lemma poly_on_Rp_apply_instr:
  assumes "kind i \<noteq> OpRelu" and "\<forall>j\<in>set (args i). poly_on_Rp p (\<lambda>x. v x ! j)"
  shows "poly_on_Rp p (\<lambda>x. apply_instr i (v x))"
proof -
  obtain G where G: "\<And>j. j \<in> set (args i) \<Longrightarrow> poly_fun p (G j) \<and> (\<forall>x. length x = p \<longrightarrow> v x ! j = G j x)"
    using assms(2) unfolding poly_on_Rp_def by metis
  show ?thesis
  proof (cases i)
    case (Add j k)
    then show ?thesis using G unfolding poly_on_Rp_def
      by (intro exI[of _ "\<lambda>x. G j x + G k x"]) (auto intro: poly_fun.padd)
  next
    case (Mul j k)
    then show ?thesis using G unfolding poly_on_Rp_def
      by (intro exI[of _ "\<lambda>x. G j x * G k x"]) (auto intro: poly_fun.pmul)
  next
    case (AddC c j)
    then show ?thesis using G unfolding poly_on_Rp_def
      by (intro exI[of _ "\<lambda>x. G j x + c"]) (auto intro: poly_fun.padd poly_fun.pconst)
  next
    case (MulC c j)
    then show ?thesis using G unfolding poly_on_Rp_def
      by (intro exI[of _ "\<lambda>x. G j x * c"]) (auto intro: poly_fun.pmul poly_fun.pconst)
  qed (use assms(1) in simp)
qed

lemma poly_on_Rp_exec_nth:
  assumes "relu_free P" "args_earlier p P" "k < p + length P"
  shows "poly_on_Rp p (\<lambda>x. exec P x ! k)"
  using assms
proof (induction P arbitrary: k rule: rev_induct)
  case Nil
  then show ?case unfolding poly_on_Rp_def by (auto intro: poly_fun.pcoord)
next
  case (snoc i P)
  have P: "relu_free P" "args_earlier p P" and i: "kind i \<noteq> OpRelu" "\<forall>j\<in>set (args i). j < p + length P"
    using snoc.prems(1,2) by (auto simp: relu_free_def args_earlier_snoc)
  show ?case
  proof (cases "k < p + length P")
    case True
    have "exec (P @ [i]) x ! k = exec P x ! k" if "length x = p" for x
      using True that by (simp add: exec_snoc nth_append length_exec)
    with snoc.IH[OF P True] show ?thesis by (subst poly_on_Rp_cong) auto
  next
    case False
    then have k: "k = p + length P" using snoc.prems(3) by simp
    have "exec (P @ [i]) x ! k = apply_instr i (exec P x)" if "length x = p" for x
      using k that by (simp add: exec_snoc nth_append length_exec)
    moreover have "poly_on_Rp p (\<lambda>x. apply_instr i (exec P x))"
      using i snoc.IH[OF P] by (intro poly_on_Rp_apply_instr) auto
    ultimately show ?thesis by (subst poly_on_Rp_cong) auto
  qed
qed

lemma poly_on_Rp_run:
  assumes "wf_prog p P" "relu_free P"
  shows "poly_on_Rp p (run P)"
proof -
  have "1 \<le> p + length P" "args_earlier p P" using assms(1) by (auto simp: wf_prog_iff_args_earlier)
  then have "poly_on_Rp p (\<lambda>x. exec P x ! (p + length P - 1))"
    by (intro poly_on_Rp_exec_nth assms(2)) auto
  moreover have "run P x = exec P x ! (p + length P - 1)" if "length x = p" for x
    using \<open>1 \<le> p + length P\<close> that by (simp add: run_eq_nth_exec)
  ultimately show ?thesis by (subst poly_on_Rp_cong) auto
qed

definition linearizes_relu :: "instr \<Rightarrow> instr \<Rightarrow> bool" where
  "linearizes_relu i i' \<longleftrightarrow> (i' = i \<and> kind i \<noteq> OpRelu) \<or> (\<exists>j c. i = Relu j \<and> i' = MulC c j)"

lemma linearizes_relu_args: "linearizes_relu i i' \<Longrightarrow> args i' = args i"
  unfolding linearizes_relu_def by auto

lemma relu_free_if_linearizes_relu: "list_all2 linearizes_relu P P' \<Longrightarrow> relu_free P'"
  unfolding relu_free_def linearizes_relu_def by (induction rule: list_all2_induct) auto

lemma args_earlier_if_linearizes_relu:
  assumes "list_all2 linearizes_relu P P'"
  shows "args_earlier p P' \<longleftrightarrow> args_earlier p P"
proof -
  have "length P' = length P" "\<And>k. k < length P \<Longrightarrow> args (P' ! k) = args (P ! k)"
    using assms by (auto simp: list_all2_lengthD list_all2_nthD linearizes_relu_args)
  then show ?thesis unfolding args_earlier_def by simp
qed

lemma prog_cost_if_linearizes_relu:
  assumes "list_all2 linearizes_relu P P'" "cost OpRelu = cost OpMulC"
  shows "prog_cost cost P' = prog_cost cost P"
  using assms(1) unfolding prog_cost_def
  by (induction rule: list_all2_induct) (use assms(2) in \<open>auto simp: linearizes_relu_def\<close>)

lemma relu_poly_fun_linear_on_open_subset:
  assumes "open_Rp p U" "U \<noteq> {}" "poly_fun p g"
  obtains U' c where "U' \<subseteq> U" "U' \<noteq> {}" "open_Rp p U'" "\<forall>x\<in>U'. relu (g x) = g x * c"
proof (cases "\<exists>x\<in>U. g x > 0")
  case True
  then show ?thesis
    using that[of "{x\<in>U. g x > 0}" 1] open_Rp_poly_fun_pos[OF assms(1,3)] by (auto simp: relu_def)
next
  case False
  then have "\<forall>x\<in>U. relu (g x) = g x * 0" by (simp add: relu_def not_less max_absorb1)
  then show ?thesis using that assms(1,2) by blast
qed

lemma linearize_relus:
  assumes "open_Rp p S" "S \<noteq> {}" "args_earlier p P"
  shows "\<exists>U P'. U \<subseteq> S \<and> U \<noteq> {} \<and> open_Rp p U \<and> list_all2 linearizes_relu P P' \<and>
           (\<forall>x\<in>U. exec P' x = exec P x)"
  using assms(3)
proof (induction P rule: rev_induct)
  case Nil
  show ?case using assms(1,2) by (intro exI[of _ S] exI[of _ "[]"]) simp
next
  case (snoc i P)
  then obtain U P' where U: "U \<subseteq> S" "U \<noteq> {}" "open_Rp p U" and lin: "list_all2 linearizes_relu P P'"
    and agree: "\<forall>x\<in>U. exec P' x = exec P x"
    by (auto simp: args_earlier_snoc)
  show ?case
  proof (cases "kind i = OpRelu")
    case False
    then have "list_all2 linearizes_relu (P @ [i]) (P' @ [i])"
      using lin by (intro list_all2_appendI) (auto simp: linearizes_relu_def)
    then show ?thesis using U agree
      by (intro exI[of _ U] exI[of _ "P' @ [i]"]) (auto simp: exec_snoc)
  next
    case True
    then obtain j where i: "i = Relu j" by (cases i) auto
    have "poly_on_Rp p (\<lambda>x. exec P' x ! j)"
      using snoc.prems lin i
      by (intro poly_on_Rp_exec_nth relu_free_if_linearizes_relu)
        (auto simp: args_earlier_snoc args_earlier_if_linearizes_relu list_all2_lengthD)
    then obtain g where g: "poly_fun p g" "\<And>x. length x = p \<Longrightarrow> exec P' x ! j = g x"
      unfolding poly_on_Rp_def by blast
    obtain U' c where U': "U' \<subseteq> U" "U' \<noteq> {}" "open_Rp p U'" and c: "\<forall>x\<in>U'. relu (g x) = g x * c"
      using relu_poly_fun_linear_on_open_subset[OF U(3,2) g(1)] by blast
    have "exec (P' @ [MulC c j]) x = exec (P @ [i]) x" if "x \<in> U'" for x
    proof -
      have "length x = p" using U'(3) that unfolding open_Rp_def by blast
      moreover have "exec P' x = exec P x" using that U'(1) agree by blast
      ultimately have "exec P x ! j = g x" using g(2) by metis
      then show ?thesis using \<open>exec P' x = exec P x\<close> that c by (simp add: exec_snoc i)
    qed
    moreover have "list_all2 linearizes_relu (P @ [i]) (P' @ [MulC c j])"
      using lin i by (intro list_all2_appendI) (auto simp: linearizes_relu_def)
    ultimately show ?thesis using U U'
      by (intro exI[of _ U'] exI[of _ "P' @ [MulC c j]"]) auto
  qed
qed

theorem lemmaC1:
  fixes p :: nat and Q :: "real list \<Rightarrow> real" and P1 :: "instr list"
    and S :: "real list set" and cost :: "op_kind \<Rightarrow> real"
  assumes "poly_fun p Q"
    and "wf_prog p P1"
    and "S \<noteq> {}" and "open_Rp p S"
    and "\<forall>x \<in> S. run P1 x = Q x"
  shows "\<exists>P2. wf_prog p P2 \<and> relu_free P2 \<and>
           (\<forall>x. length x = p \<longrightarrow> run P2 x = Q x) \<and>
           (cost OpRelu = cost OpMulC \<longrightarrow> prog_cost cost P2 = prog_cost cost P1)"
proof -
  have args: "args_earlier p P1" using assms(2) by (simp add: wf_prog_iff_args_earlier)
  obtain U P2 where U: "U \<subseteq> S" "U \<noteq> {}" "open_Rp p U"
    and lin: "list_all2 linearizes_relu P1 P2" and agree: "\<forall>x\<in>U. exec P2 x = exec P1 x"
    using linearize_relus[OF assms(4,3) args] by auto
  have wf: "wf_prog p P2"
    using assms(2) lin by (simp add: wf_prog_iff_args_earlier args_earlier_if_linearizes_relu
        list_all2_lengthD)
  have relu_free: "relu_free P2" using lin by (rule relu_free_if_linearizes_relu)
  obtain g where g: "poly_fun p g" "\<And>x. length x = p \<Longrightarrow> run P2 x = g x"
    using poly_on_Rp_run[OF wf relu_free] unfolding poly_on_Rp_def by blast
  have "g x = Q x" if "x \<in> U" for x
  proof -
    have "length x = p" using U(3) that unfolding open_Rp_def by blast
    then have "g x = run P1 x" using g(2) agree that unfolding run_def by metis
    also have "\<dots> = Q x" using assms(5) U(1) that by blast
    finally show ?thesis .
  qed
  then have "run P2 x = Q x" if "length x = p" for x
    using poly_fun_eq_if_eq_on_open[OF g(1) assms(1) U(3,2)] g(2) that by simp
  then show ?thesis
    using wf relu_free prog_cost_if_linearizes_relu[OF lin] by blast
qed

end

• [AIM OF THE EXERCISE] Where does "cases" appear in the records above? Copy each line that holds it.

• [FINISHED EXERCISE]
  proof (cases i)
  proof (cases "k < p + length P")
proof (cases "\<exists>x\<in>U. g x > 0")
  proof (cases "kind i = OpRelu")
    then obtain j where i: "i = Relu j" by (cases i) auto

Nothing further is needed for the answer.